Friday, July 9, 2010

The Latest Buzz


I’ve got a housefly.

In this house, we most often see giant zeppelin bluebottle flies, the kind that get wedged in between the slats of the blinds and spend the next 72 hours bouncing off the window.  These brutes are noisy, but I’ve gotten pretty good at herding them to an open window, so they aren’t usually a problem.

But I don’t have a bluebottle.  I’ve got a housefly, a nimble, persistent little housefly who seems to have something of an ear fetish.  He keeps hovering about two inches from my earlobe until I take a blind swing and he switches sides.  So either Jeff Goldblum is in my living room desperately trying to enlist my aid, or I’ve got a fly who just won’t stay out of my ear canal.

He doesn’t bother landing either, and unless I can pull a Mr. Miyagi, I’m not about to take him down.  I suppose I could use Raid for cologne. . .  I’m pretty sure that’d do the trick, but I’ve got this thing about spraying my neck and face with poison.  Just this odd little quirk I have.

I tried luring him away, either outside or at the very least to another room, but he’s not interested in following me around the house.  Maybe he wants a comfy chair or maybe he’s hooked on reality TV.  I don’t know, but he ain't moving.  I can go make a sandwich in peace or have a few minutes to myself in the “reading room,” but when I get back to the sofa, he’s there, waiting for me.  No, not for me.  Waiting for my friggin’ ear!

I’ve got a housefly, which means the living room is No Man’s Land.  I’m not going to be on the console tonight or catching up on Cool & Trendy Cop Show X.  If you need me, I’ll be in the “reading room.”

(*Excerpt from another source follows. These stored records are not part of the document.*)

lemma ntr_mult_commute:
  assumes "A \<in> carrier_mat d d" "B \<in> carrier_mat d d"
  shows "ntr (A * B) = ntr (B * A)"
proof -
  have "(\<Sum>i<d. (A * B) $$ (i, i)) = (\<Sum>i<d. \<Sum>j<d. A $$ (i, j) * B $$ (j, i))"
    using assms by (simp add: scalar_prod_def atLeast0LessThan)
  also have "\<dots> = (\<Sum>j<d. \<Sum>i<d. B $$ (j, i) * A $$ (i, j))"
    by (subst sum.swap) (simp add: mult.commute)
  also have "\<dots> = (\<Sum>j<d. (B * A) $$ (j, j))"
    using assms by (simp add: scalar_prod_def atLeast0LessThan)
  finally show ?thesis
    using assms by (simp add: ntr_def)
qed

lemma ntr_intertwine:
  assumes U: "U \<in> carrier_mat d d" and W: "W \<in> carrier_mat d d" and W': "W' \<in> carrier_mat d d"
    and UU: "U * U = c \<cdot>\<^sub>m 1\<^sub>m d" "c \<noteq> 0" and UW: "U * W = s \<cdot>\<^sub>m (W' * U)"
  shows "ntr W = s * ntr W'"
proof -
  have "c * ntr W = ntr (W * (U * U))"
    using W by (simp add: UU mult_smult_distrib[OF W one_carrier_mat] ntr_smult)
  also have "\<dots> = ntr ((W * U) * U)"
    using U W by simp
  also have "\<dots> = ntr (U * (W * U))"
    using U W by (intro ntr_mult_commute) auto
  also have "\<dots> = ntr ((s \<cdot>\<^sub>m (W' * U)) * U)"
    using U W by (simp flip: UW)
  also have "\<dots> = s * (c * ntr W')"
    using U W' by (simp add: mult_smult_assoc_mat[of _ d d] ntr_smult UU
        mult_smult_distrib[OF W' one_carrier_mat])
  finally show ?thesis using UU(2) by simp
qed

lemma ntr_mprod_intertwine:
  assumes U: "U \<in> carrier_mat (2 ^ (n div 2)) (2 ^ (n div 2))"
    and UU: "U * U = c \<cdot>\<^sub>m 1\<^sub>m (2 ^ (n div 2))" "c \<noteq> 0"
    and XY: "\<And>m. m \<in> set ms \<Longrightarrow> X m \<in> carrier_mat (2 ^ (n div 2)) (2 ^ (n div 2)) \<and>
               Y m \<in> carrier_mat (2 ^ (n div 2)) (2 ^ (n div 2)) \<and> U * X m = s m \<cdot>\<^sub>m (Y m * U)"
  shows "ntr (mprod n (map X ms)) = prod_list (map s ms) * ntr (mprod n (map Y ms))"
  by (rule ntr_intertwine[OF U _ _ UU mprod_intertwine[OF U XY]])
    (use XY in \<open>auto intro!: mprod_carrier_mat\<close>)

section \<open>Pairings and kernel fibres\<close>

lemma prod_ker_ge_pair_partition:
  fixes g :: "nat \<Rightarrow> 'a::comm_monoid_mult"
  assumes P: "P \<in> pair_partitions k" and ker: "ker_ge g P" and sq: "\<And>m. m \<in> {1..k} \<Longrightarrow> g m * g m = 1"
  shows "prod g {1..k} = 1"
proof -
  have part: "partition_on {1..k} P" and pairs: "\<And>B. B \<in> P \<Longrightarrow> card B = 2"
    using P by (auto simp: pair_partitions_def)
  have fin: "\<forall>B\<in>P. finite B"
    using pairs by (metis card.infinite zero_neq_numeral)
  have disj: "\<forall>A\<in>P. \<forall>B\<in>P. A \<noteq> B \<longrightarrow> A \<inter> B = {}"
    using partition_onD2[OF part] by (auto simp: disjoint_def)
  have "prod g {1..k} = prod g (\<Union>P)"
    using part by (simp add: partition_on_def)
  also have "\<dots> = (\<Prod>B\<in>P. prod g B)"
    by (simp add: prod.Union_disjoint[OF fin disj])
  also have "\<dots> = (\<Prod>B\<in>P. 1)"
  proof (rule prod.cong [OF refl])
    fix B assume B: "B \<in> P"
    then obtain x y where xy: "B = {x, y}" "x \<noteq> y"
      using pairs card_2_iff by metis
    have "x \<in> {1..k}"
      using B xy part unfolding partition_on_def by blast
    then have "g x * g x = 1" by (rule sq)
    moreover have "g x = g y"
      using ker B xy unfolding ker_ge_def by blast
    ultimately show "prod g B = 1" using xy by simp
  qed
  finally show ?thesis by simp
qed

definition kernel_fiber :: "nat set \<Rightarrow> 'b set \<Rightarrow> nat set set \<Rightarrow> nat set \<Rightarrow> 'b \<Rightarrow> (nat \<Rightarrow> 'b) set" where
  "kernel_fiber A I P V R = {\<alpha>. \<alpha> \<in> A \<rightarrow>\<^sub>E I \<and> ker_ge \<alpha> P \<and> (\<forall>x\<in>V. \<alpha> x = R)}"

lemma sum_ker_ge_eq_sum_kernel_fibers:
  assumes "finite A" "finite I" "V \<in> P" "V \<subseteq> A" "V \<noteq> {}"
  shows "(\<Sum>\<alpha>\<in>{\<alpha>. \<alpha> \<in> A \<rightarrow>\<^sub>E I \<and> ker_ge \<alpha> P}. F \<alpha>) = (\<Sum>R\<in>I. \<Sum>\<alpha>\<in>kernel_fiber A I P V R. F \<alpha>)"
proof -
  obtain v where v: "v \<in> V" using assms(5) by blast
  let ?S = "{\<alpha>. \<alpha> \<in> A \<rightarrow>\<^sub>E I \<and> ker_ge \<alpha> P}"
  have "finite ?S"
    by (rule finite_subset[of _ "A \<rightarrow>\<^sub>E I"]) (auto intro: finite_PiE assms)
  moreover have "(\<lambda>\<alpha>. \<alpha> v) ` ?S \<subseteq> I" using v assms(4) by auto
  moreover have "{\<alpha> \<in> ?S. \<alpha> v = R} = kernel_fiber A I P V R" for R
    using v assms(3) unfolding kernel_fiber_def ker_ge_def by blast
  ultimately show ?thesis
    using sum.group[of ?S I "\<lambda>\<alpha>. \<alpha> v" F] assms(2) by simp
qed

lemma sum_kernel_fiber_involution:
  assumes hI: "h ` I \<subseteq> I" and hh: "\<And>x. x \<in> I \<Longrightarrow> h (h x) = x" and R: "R \<in> I"
    and PA: "\<Union>P \<subseteq> A" and VA: "V \<subseteq> A"
    and F: "\<And>\<alpha>. \<alpha> \<in> A \<rightarrow>\<^sub>E I \<Longrightarrow> ker_ge \<alpha> P \<Longrightarrow> F (restrict (h \<circ> \<alpha>) A) = F \<alpha>"
  shows "(\<Sum>\<alpha>\<in>kernel_fiber A I P V (h R). F \<alpha>) = (\<Sum>\<alpha>\<in>kernel_fiber A I P V R. F \<alpha>)"
proof -
  define g where "g \<alpha> = restrict (h \<circ> \<alpha>) A" for \<alpha>
  have g_fiber: "g \<alpha> \<in> kernel_fiber A I P V (h S)" if "\<alpha> \<in> kernel_fiber A I P V S" for \<alpha> S
  proof -
    have "ker_ge (g \<alpha>) P"
      unfolding ker_ge_def
    proof (intro ballI)
      fix B x y assume B: "B \<in> P" "x \<in> B" "y \<in> B"
      then have "x \<in> A" "y \<in> A" using PA by blast+
      moreover have "\<alpha> x = \<alpha> y"
        using that B unfolding kernel_fiber_def ker_ge_def by blast
      ultimately show "g \<alpha> x = g \<alpha> y" by (simp add: g_def)
    qed
    then show ?thesis
      using that hI VA by (auto simp: kernel_fiber_def g_def PiE_iff image_subset_iff)
  qed
  have gg: "g (g \<alpha>) = \<alpha>" if "\<alpha> \<in> kernel_fiber A I P V S" for \<alpha> S
  proof
    fix x show "g (g \<alpha>) x = \<alpha> x"
      using that hh by (cases "x \<in> A") (auto simp: kernel_fiber_def g_def)
  qed
  show ?thesis
  proof (rule sum.reindex_bij_witness[where i = g and j = g])
    fix \<alpha> assume \<alpha>: "\<alpha> \<in> kernel_fiber A I P V R"
    show "g \<alpha> \<in> kernel_fiber A I P V (h R)" using g_fiber[OF \<alpha>] .
    show "g (g \<alpha>) = \<alpha>" using gg[OF \<alpha>] .
  next
    fix \<alpha> assume \<alpha>: "\<alpha> \<in> kernel_fiber A I P V (h R)"
    show "g \<alpha> \<in> kernel_fiber A I P V R" using g_fiber[OF \<alpha>] unfolding hh[OF R] .
    show "g (g \<alpha>) = \<alpha>" using gg[OF \<alpha>] .
    have "\<alpha> \<in> A \<rightarrow>\<^sub>E I" "ker_ge \<alpha> P" using \<alpha> by (simp_all add: kernel_fiber_def)
    then show "F (g \<alpha>) = F \<alpha>" unfolding g_def by (rule F)
  qed
qed

section \<open>Adjacent transpositions of increasing tuples\<close>

lemma Iset_finite: "finite (Iset n q)"
proof (rule finite_subset)
  show "Iset n q \<subseteq> {xs. set xs \<subseteq> {1..n} \<and> length xs = q}" by (auto simp: Iset_def)
qed (simp add: finite_lists_length_eq)

lemma sorted_list_of_set_set_strict: "sorted_wrt (<) R \<Longrightarrow> sorted_list_of_set (set R) = R"
  by (simp add: sorted_list_of_set_sort_remdups strict_sorted_iff distinct_remdups_id sorted_sort_id)

definition swap_adjacent :: "nat \<Rightarrow> nat list \<Rightarrow> nat list" where
  "swap_adjacent a R = sorted_list_of_set (Transposition.transpose a (Suc a) ` set R)"

lemma set_swap_adjacent: "set (swap_adjacent a R) = Transposition.transpose a (Suc a) ` set R"
  by (simp add: swap_adjacent_def)

lemma swap_adjacent_Iset:
  assumes "a \<in> {1..<n}" "R \<in> Iset n q"
  shows "swap_adjacent a R \<in> Iset n q"
proof -
  have "length (swap_adjacent a R) = card (set R)"
    by (simp add: swap_adjacent_def card_image)
  moreover have "Transposition.transpose a (Suc a) ` set R \<subseteq> {1..n}"
    using assms by (auto simp: Iset_def transpose_def)
  ultimately show ?thesis
    using assms by (auto simp: Iset_def swap_adjacent_def strict_sorted_iff distinct_card)
qed

lemma swap_adjacent_swap_adjacent: "sorted_wrt (<) R \<Longrightarrow> swap_adjacent a (swap_adjacent a R) = R"
  by (simp add: swap_adjacent_def image_comp sorted_list_of_set_set_strict)

lemma swap_adjacent_eq_self:
  "sorted_wrt (<) R \<Longrightarrow> a \<in> set R \<Longrightarrow> Suc a \<in> set R \<Longrightarrow> swap_adjacent a R = R"
  by (simp add: swap_adjacent_def sorted_list_of_set_set_strict)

Of course, I'm pretty sure I left my book in the living room…


Saturday, July 3, 2010

And Now For Something Completely Different

I've decided to go trawling through the archives for an older piece.  By now fairly dated, but I think it holds up well.  If nothing else, consider it a mental snapshot, a picture of the Stuff Inside My Head seven years and one day ago.




I Have a Flag
04/07/2003

I committed a cardinal sin last Christmas; I disappointed my wife. Oh, don't get me wrong. She loved everything she got. It was the gift she gave that disappointed her.

You see, my wife gave me a flag, a star spangled beauty in all its Old Glory, given with love and an understanding of just how long all those miles between Home and Back Home have grown. She moved heaven and earth to find it and shelled out a fair amount of cash to make it mine. And how did I react? I'm not quite sure, but I think my exact words were "Oh. Thanks."

Now, not all that long ago, I was flag hunting myself. Symbols can comfort in times of crisis, and in the wake of That September, I remember feeling so completely isolated, so far from home and helpless. I sat here just like everyone else, but while my neighbours watched an international tragedy unfold, I witnessed a very personal attack on Who We Are.

I remember the intense pride I felt for my countrymen, for their strength and perseverance in the face of disaster. I remember being moved to tears by the international show of support, an especially poignant rendition of You'll Never Walk Alone from the bleachers in Liverpool, and I remember, for reasons I still can't articulate, a need to publicly display the depth of that feeling, the pride and the pain. So I set off to find a flag.

It turns out I wasn't so alone after all.  Back home, flags flew off the shelves and they were a good deal rarer here. So I went without in the short term, and as the days turned to weeks and history unfolded, my sense of patriotic exhibitionism began to wane. In fact, it wasn't long before I was happy enough for the distance.

Which leads us to today. On this side of the Atlantic, it's just another Friday, but over there...


Over there it's Independence Day, a day set aside to celebrate baseball, Coke in green bottles, V8 engines, John Wayne, Motown, hot dogs, and a mythical army of rebels in powdered wigs who made their mark by telling King George to piss off. 

This is the 4th of July. . . and I have a flag.

I pulled it out today, a tightly folded triangle of stars on a field of blue. I stared at it, thinking of my fellow Americans who made me so proud not so long ago. 


I wish I still felt that way.

Politics and foreign policy are topics for another day, but like so many viewing the U.S.from the outside, I find the current trends disturbing.  More disturbing still is the broad support these policies have found.

I have a flag, a gift from my wife, and I love her for her thoughtfulness.  I love my country too, love it dearly, and as much as I would love to shout that love from the rooftops today, I won't.  I know that what is intended as a show of love and affection will be seen as support and approval.

I put the flag away, for now at least, and wait for the day I can celebrate not just Who We Are, but What We Do.


Back to the here and now: I still have the flag, and it's found a permanent home in my son's bedroom alongside the tricolours.  It seems like a fitting display.